=== Raw data ===
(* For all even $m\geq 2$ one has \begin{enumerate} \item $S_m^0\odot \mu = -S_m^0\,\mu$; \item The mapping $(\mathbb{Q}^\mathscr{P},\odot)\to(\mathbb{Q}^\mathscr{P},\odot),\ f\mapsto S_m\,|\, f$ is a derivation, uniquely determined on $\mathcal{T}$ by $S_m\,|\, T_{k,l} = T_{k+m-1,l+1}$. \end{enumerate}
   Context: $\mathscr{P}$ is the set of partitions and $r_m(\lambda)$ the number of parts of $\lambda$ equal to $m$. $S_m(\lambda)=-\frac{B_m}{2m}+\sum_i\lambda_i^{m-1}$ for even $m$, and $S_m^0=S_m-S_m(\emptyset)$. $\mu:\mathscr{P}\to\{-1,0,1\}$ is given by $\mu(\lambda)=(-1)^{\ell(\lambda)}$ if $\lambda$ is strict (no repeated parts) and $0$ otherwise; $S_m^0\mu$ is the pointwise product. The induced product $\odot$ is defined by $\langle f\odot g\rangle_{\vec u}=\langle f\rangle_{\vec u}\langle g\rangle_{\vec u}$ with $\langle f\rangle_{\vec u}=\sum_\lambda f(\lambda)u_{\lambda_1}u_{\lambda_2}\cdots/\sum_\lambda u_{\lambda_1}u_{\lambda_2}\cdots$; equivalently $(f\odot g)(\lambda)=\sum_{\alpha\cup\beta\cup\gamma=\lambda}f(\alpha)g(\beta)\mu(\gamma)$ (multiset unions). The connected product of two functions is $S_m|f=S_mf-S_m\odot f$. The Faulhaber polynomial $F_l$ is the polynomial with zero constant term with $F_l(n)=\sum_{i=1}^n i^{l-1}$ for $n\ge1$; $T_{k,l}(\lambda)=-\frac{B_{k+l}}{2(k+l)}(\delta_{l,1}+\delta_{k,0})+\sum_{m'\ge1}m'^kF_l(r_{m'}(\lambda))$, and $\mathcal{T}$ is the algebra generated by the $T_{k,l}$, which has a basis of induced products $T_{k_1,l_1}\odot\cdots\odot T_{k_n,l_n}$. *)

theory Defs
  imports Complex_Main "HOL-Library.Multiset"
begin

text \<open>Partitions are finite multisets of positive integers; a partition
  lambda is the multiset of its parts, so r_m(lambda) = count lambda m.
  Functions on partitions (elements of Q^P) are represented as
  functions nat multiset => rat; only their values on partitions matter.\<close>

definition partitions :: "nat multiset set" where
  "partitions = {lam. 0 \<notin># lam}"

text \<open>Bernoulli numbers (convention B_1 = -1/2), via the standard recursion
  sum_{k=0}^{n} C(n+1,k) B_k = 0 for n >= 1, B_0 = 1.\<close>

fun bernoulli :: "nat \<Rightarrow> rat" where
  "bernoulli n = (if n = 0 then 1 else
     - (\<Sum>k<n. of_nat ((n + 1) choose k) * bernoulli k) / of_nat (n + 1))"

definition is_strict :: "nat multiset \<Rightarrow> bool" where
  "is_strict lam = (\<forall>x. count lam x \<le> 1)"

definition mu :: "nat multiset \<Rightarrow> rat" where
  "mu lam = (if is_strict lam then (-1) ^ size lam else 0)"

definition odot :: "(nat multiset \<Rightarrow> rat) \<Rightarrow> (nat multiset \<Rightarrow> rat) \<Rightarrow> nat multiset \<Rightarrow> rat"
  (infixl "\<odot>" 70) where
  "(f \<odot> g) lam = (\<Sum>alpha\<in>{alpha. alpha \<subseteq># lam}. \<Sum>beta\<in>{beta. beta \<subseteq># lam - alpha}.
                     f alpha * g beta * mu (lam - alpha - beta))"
===
| Task prompt |
Output the number of lines in the records above that contain the string "begin", and no other text.

| Answer to the exercise |
2